**Your objective:**
Nothing but a number should be given: how many lines of the records include "intro"?

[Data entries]
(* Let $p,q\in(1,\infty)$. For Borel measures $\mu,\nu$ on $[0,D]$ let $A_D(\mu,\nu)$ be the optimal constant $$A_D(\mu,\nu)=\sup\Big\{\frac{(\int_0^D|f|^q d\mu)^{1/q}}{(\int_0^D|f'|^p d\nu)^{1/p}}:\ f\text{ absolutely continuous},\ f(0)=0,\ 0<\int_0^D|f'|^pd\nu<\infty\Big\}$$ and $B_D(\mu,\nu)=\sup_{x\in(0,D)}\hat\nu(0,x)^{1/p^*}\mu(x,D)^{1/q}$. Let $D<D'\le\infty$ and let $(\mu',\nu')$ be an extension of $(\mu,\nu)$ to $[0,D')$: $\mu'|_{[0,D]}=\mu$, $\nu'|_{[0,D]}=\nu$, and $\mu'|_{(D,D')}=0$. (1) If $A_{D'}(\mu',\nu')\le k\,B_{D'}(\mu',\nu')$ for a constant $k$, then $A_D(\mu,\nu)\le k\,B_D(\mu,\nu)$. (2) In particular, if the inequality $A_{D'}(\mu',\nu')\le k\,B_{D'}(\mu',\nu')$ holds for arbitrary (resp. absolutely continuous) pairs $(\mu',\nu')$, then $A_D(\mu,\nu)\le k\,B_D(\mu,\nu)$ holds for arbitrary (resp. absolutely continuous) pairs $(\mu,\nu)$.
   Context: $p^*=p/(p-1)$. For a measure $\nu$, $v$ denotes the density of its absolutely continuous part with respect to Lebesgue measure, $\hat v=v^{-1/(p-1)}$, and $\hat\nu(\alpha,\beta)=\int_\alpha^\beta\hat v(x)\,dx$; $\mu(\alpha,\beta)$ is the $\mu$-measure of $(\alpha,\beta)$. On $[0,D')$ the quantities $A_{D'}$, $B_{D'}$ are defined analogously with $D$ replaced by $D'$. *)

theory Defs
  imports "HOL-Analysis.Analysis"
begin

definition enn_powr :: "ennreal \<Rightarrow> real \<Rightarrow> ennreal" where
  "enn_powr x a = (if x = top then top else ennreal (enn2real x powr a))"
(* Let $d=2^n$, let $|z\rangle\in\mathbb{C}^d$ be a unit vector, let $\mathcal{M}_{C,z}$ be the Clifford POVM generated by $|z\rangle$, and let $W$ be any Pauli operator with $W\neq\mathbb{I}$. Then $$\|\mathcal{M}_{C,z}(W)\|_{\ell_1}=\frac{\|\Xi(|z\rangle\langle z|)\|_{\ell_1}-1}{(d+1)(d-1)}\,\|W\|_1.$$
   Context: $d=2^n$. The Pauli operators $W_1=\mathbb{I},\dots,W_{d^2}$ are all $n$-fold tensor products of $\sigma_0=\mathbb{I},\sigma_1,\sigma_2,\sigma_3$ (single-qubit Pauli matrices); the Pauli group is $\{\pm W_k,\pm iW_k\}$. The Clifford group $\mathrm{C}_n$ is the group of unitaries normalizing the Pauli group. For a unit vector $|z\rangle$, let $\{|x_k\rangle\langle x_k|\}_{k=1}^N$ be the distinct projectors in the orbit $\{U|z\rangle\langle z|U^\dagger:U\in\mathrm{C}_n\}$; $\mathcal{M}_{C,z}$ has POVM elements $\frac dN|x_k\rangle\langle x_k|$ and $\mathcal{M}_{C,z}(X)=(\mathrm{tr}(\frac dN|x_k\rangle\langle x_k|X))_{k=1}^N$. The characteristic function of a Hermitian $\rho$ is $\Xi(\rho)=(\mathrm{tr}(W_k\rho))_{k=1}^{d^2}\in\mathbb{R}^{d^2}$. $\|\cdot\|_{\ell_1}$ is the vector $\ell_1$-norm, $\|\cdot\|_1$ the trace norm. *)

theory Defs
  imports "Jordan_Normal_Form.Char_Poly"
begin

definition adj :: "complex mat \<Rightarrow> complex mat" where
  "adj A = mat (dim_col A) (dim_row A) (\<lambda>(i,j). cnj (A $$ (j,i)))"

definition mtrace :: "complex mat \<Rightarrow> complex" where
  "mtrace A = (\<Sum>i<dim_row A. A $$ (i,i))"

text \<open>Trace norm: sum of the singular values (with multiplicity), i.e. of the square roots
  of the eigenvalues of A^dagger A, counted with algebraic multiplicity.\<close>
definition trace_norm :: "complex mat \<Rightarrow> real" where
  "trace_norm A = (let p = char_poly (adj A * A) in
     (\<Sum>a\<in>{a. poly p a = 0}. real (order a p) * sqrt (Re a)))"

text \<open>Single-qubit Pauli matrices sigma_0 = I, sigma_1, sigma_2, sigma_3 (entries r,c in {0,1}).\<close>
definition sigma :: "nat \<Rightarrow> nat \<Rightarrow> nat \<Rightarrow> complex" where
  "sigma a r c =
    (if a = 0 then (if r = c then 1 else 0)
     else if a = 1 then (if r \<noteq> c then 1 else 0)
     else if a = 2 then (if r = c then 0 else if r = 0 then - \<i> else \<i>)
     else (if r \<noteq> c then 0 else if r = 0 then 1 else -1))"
==
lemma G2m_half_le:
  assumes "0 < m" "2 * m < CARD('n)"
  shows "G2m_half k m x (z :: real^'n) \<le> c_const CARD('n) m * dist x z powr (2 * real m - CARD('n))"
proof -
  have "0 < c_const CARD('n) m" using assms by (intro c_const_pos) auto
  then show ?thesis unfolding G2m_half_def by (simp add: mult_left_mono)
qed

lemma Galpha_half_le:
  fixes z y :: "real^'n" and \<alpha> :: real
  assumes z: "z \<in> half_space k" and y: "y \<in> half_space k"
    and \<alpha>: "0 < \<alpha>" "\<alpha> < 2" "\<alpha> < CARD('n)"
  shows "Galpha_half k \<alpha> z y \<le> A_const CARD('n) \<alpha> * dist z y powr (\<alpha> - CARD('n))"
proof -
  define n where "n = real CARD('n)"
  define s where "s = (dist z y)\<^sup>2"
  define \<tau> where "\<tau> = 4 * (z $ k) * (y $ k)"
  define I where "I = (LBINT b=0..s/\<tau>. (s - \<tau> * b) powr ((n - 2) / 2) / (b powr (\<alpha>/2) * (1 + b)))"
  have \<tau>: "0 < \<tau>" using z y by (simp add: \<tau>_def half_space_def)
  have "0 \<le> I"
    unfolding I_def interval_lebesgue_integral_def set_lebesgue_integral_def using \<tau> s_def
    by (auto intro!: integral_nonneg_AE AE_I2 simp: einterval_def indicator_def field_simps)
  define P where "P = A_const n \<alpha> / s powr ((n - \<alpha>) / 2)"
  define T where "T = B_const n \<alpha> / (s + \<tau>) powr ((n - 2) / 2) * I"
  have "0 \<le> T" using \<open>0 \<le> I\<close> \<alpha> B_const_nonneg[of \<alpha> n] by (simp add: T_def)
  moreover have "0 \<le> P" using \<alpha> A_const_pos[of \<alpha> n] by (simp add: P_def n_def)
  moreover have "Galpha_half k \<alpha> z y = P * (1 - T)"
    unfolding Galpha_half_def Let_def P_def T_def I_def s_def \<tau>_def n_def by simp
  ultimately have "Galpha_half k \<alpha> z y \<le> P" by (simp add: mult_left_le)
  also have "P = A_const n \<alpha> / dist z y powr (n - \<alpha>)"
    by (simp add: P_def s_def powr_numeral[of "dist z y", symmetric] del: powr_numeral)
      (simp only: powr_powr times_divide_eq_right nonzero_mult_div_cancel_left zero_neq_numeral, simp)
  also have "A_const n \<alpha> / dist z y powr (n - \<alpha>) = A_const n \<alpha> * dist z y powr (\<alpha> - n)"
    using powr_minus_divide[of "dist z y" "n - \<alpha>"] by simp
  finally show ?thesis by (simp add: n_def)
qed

**Result for this task:**
2